____ Data to use

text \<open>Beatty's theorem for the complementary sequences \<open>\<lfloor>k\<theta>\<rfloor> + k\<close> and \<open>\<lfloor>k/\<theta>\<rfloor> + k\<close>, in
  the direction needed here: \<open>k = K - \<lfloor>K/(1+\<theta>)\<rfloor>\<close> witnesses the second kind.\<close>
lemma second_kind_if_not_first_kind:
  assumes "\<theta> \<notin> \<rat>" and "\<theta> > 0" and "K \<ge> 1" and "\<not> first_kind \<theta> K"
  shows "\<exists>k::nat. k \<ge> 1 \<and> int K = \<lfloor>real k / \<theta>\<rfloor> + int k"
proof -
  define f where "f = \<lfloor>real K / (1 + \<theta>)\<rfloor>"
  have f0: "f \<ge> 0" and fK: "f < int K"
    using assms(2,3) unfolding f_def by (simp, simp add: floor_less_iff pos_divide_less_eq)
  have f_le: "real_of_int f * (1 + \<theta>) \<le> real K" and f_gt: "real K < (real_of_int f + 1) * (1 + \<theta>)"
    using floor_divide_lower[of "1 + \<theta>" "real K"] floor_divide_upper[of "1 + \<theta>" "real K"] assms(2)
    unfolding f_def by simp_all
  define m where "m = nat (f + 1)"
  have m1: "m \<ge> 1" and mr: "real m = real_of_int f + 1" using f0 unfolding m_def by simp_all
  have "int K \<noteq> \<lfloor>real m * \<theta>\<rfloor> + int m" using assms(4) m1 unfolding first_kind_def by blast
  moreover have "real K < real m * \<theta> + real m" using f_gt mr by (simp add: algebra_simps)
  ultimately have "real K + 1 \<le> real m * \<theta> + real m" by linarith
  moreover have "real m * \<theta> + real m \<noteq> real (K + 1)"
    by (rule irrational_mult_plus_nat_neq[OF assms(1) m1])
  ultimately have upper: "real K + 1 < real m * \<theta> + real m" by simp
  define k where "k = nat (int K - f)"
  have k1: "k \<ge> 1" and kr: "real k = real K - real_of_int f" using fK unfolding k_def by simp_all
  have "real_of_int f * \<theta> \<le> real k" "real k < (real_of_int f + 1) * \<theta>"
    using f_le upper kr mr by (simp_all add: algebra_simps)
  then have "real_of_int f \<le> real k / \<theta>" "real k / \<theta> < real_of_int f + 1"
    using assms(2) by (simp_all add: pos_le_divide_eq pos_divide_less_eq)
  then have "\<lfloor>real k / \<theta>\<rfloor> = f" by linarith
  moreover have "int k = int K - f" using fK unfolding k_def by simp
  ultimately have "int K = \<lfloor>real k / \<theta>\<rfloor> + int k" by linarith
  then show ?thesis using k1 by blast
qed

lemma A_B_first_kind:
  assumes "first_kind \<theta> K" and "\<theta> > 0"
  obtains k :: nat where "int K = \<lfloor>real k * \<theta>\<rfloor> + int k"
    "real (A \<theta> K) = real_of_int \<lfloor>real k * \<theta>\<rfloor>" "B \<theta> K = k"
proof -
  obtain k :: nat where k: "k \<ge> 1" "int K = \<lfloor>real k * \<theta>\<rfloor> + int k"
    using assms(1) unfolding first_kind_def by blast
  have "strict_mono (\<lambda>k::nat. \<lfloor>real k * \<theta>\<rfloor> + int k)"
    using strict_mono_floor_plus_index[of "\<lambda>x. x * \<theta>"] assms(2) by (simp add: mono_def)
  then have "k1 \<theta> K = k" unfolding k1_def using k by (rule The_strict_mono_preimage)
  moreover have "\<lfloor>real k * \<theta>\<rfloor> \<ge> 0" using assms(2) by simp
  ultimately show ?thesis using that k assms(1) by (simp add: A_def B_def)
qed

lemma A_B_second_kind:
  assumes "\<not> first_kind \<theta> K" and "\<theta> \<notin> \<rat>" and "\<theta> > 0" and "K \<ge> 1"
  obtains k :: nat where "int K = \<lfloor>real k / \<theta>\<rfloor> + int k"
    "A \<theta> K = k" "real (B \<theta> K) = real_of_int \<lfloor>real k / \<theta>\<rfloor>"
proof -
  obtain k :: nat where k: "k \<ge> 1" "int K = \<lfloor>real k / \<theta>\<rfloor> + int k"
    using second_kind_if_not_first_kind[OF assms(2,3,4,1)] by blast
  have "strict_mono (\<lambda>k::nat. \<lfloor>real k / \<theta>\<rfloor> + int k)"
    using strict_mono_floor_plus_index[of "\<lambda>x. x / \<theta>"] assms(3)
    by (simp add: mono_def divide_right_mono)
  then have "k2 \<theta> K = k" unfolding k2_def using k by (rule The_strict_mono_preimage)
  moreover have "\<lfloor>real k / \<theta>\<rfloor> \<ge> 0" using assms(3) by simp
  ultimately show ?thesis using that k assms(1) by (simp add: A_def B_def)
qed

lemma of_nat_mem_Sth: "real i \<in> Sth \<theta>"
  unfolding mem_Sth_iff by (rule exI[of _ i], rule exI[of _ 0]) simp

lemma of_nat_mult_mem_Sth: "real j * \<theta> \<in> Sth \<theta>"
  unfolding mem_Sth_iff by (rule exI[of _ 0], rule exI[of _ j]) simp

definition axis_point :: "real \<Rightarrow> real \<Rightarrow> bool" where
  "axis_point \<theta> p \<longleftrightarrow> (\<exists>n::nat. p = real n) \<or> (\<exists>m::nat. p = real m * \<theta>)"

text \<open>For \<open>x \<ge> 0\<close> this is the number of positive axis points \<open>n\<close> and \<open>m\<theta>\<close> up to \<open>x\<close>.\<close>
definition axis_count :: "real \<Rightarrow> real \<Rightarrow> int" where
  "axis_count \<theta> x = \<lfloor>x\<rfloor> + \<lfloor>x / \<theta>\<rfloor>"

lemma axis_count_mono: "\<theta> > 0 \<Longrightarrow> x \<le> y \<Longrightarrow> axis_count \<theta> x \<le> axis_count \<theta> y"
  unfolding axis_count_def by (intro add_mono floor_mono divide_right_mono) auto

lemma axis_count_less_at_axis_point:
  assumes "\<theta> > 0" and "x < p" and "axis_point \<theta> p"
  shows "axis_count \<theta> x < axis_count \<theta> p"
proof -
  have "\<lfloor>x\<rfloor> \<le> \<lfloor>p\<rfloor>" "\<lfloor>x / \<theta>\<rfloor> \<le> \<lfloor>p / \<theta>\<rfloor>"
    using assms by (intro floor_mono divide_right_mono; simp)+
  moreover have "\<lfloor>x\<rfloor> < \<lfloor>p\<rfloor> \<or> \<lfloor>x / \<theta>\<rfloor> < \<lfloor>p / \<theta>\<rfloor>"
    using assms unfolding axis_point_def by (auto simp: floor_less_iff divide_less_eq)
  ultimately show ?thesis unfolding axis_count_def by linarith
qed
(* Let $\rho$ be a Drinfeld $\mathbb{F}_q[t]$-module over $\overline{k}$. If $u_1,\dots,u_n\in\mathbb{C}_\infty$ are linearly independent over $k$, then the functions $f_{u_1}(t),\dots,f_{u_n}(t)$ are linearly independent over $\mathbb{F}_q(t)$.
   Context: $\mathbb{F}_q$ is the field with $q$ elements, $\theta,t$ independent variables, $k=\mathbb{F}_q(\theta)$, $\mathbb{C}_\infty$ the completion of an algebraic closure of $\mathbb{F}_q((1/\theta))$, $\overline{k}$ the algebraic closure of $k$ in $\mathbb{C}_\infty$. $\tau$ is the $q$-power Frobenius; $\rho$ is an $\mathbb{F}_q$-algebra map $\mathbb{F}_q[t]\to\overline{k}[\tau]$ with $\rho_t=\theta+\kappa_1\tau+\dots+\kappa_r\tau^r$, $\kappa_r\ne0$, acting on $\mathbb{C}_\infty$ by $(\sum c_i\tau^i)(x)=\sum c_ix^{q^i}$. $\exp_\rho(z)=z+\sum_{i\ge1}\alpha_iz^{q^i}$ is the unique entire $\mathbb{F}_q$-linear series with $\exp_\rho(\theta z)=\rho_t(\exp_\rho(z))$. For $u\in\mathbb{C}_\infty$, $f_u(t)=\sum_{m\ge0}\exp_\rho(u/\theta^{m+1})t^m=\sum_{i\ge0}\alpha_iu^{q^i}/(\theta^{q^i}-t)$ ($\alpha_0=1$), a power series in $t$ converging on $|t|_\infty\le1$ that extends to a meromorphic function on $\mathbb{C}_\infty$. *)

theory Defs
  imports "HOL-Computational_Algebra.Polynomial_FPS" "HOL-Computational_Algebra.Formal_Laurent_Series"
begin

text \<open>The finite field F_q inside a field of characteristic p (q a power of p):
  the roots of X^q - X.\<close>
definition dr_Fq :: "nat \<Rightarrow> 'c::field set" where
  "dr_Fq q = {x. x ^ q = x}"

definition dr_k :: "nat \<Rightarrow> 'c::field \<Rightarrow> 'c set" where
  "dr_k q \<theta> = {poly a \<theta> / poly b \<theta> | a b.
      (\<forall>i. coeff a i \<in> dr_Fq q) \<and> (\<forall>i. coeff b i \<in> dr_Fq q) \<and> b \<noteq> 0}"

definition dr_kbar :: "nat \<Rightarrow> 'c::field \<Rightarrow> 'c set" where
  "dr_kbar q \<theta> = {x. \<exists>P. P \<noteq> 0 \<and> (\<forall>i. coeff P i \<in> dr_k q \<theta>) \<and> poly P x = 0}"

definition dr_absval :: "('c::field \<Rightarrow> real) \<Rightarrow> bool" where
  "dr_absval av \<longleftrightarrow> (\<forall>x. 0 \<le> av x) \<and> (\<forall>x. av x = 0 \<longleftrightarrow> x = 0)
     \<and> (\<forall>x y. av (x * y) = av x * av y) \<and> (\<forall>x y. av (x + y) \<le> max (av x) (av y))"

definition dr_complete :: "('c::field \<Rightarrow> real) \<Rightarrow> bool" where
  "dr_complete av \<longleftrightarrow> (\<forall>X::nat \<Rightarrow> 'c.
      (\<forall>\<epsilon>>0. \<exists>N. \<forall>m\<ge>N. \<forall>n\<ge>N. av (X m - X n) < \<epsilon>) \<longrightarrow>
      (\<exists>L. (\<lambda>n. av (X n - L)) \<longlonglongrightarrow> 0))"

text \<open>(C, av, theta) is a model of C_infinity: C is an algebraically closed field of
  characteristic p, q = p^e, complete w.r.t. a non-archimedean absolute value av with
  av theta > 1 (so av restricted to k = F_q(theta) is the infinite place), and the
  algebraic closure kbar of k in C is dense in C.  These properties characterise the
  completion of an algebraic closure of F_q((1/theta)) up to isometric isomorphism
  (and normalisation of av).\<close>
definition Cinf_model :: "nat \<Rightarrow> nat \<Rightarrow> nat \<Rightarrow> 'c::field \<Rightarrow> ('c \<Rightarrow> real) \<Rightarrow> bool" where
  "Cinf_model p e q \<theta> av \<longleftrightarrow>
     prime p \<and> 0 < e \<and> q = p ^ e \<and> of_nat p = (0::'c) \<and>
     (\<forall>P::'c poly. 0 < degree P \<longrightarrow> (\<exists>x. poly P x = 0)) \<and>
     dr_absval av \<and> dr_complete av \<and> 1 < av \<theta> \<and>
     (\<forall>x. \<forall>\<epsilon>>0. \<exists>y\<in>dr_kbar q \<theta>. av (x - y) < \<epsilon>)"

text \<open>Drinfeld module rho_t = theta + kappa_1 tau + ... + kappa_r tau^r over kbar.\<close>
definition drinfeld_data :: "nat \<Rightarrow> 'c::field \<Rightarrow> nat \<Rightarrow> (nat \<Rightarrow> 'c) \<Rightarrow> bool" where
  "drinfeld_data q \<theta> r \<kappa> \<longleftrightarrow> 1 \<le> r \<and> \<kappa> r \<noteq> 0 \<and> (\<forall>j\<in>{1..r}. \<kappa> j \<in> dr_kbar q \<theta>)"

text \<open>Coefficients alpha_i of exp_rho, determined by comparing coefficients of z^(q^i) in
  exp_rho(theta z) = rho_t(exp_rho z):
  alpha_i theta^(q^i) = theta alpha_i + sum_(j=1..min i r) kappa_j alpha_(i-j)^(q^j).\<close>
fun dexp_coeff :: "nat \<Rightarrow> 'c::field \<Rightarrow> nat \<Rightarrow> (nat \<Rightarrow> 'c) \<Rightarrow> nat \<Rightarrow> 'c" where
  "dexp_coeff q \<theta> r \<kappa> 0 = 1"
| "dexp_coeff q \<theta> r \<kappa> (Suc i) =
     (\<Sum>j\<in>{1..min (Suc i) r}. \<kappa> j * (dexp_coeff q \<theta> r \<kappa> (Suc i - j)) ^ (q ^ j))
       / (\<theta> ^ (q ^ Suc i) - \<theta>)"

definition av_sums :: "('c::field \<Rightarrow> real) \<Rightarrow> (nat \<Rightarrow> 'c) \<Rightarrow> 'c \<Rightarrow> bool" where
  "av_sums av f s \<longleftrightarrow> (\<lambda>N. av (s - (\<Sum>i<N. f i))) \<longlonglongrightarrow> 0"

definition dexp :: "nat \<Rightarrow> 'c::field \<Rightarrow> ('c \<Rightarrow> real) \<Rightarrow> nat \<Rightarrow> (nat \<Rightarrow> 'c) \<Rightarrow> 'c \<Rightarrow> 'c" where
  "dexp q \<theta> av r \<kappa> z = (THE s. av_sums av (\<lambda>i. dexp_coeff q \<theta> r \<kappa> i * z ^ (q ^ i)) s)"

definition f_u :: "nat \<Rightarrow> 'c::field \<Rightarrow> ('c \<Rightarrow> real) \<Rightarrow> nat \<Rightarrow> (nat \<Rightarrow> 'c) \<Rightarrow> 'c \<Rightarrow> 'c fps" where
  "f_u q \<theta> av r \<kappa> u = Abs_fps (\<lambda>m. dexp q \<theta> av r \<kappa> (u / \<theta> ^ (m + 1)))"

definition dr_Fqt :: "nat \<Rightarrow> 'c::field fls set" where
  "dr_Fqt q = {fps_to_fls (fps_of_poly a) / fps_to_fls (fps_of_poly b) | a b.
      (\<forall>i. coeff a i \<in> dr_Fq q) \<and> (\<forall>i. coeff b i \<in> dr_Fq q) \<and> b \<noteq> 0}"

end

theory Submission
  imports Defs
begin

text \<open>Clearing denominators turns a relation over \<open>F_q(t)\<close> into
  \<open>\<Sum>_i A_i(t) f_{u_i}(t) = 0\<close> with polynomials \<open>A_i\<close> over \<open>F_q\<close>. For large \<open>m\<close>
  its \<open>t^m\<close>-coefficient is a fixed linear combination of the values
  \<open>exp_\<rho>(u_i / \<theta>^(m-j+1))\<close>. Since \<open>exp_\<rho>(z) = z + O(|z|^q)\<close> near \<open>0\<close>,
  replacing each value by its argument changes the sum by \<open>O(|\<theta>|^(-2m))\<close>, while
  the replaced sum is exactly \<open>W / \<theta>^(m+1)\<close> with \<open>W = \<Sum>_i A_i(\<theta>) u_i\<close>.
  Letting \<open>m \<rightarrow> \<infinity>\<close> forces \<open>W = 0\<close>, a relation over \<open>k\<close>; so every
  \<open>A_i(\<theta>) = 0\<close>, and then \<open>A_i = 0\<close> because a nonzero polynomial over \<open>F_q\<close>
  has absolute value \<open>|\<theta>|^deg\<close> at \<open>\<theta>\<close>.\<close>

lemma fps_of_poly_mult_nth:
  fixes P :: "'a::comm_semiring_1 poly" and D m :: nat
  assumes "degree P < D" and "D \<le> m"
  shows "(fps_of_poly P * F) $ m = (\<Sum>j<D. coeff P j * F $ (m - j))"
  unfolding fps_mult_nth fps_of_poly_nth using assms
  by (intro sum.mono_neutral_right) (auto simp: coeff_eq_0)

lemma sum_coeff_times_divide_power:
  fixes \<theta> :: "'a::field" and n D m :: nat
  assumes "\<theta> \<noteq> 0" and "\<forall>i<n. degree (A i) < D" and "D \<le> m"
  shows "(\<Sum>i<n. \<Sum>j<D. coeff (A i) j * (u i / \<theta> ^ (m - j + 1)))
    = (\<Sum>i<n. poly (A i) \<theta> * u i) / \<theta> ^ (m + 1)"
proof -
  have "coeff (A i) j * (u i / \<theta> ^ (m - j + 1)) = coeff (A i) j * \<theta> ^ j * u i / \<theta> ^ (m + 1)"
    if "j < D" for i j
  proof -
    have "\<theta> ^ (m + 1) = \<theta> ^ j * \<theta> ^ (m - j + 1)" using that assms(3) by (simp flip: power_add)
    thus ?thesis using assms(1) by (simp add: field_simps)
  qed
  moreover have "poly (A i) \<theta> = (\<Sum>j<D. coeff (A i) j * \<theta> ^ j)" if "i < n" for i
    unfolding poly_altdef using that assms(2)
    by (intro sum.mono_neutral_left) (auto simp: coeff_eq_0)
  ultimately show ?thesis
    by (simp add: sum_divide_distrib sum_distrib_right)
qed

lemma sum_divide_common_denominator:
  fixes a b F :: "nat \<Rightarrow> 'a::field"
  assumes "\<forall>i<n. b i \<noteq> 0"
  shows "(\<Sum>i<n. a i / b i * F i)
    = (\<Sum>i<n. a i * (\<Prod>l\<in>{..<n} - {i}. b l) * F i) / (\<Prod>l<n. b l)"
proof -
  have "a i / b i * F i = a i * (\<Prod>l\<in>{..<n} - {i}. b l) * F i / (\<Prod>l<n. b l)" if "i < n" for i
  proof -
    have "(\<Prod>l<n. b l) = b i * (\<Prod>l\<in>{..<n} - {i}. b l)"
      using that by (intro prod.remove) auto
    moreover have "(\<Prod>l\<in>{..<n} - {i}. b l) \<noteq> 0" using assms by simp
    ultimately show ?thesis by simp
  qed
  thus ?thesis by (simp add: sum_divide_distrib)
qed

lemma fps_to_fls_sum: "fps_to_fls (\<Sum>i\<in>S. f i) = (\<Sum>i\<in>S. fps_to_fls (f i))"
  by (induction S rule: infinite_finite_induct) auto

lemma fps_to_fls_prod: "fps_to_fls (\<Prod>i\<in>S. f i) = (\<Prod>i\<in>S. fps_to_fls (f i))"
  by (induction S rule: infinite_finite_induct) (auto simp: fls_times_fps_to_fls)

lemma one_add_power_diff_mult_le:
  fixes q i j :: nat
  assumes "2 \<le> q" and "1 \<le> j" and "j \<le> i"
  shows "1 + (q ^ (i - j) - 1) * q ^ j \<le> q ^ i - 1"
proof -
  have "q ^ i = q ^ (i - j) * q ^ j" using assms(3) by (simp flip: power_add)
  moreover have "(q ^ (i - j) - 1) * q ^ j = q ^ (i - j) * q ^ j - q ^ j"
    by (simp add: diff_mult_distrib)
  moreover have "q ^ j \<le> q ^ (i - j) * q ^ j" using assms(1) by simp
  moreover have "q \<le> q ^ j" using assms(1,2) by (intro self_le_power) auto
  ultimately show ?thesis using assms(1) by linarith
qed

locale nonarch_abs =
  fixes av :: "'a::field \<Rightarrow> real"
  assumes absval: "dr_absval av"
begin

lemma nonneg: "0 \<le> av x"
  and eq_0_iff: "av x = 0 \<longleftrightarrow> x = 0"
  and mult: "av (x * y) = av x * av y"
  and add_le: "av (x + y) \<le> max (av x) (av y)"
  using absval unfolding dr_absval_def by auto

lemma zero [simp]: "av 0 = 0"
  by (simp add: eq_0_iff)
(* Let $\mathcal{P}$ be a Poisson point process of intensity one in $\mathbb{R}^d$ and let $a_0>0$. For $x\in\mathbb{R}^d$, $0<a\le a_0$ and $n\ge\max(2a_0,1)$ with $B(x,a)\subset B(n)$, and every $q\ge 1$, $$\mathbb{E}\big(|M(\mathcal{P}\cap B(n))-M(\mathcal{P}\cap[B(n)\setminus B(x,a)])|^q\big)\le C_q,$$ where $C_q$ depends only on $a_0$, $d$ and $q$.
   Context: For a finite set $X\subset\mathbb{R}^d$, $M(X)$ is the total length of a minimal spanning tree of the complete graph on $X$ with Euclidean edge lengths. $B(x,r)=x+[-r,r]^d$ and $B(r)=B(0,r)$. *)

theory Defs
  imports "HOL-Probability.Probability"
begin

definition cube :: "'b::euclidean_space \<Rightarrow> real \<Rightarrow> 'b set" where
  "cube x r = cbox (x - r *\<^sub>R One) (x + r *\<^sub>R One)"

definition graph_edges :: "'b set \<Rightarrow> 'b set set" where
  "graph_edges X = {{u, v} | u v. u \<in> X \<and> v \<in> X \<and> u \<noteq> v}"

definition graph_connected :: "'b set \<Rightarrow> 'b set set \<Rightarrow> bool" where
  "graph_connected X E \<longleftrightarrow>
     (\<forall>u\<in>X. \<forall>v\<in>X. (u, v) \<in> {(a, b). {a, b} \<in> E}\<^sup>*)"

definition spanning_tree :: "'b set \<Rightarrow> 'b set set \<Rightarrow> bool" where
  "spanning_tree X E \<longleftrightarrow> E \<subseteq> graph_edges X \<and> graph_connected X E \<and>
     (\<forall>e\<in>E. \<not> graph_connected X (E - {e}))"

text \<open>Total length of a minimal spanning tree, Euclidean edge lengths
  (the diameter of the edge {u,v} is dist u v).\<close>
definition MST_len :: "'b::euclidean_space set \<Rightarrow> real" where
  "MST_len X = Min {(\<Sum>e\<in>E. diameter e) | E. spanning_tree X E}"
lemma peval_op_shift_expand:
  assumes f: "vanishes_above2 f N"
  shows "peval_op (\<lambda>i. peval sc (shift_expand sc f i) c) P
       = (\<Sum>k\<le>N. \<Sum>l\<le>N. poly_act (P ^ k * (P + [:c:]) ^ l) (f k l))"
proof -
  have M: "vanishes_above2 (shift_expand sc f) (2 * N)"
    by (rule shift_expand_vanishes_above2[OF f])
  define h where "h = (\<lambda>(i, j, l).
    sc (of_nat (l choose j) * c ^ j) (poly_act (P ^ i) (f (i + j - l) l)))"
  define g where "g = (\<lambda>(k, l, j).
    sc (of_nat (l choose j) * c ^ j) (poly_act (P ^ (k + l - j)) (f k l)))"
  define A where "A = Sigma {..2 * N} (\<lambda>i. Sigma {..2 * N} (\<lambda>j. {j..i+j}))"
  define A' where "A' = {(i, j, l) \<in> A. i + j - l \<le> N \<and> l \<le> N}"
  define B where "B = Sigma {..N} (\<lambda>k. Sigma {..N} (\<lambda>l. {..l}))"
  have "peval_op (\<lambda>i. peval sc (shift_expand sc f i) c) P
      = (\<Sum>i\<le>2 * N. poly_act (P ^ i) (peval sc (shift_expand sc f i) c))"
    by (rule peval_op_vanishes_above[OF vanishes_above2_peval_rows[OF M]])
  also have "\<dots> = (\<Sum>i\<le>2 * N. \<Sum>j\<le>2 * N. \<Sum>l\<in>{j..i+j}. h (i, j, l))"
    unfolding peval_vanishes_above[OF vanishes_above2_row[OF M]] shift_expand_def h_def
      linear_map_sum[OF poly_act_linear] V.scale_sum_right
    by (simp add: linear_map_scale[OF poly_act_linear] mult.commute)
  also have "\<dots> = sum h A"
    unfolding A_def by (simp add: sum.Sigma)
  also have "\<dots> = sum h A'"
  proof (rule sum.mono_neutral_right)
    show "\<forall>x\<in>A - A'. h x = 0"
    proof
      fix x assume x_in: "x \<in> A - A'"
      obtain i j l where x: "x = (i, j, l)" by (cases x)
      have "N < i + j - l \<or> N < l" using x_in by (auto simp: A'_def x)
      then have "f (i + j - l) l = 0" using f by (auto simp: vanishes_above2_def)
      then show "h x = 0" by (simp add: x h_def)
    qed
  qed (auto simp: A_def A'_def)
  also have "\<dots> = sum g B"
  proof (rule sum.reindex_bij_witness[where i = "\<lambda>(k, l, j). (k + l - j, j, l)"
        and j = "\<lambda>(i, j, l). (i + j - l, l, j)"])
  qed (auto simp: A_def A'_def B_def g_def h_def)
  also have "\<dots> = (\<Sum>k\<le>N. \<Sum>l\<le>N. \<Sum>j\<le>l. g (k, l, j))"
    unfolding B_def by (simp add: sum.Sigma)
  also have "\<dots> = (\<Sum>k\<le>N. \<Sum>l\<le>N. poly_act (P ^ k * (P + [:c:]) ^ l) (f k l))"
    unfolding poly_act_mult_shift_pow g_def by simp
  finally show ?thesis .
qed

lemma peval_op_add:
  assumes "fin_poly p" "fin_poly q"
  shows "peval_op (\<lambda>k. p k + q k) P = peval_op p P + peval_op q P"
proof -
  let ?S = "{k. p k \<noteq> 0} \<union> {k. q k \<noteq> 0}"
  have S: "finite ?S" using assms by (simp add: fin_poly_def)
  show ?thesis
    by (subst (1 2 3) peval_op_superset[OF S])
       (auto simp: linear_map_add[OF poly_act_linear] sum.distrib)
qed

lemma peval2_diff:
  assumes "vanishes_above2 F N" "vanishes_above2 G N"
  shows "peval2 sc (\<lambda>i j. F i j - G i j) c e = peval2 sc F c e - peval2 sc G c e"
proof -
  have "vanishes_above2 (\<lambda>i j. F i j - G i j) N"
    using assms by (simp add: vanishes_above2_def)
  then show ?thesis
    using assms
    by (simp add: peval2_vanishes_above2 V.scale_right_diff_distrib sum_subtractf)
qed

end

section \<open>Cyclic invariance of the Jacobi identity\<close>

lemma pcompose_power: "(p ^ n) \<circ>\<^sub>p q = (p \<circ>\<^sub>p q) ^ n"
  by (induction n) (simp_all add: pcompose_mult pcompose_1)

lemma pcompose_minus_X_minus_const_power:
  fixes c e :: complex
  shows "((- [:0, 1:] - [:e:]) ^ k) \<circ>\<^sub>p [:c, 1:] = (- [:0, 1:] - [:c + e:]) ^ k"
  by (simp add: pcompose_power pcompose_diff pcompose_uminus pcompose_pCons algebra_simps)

________

Work to complete
The response must hold only the lines above from the line with "assms by simp" through the line with "by (induction S rule: infinite_finite_induct) auto", each copied exactly, both ends kept.

Result of this exercise
    moreover have "(\<Prod>l\<in>{..<n} - {i}. b l) \<noteq> 0" using assms by simp
    ultimately show ?thesis by simp
  qed
  thus ?thesis by (simp add: sum_divide_distrib)
qed

lemma fps_to_fls_sum: "fps_to_fls (\<Sum>i\<in>S. f i) = (\<Sum>i\<in>S. fps_to_fls (f i))"
  by (induction S rule: infinite_finite_induct) auto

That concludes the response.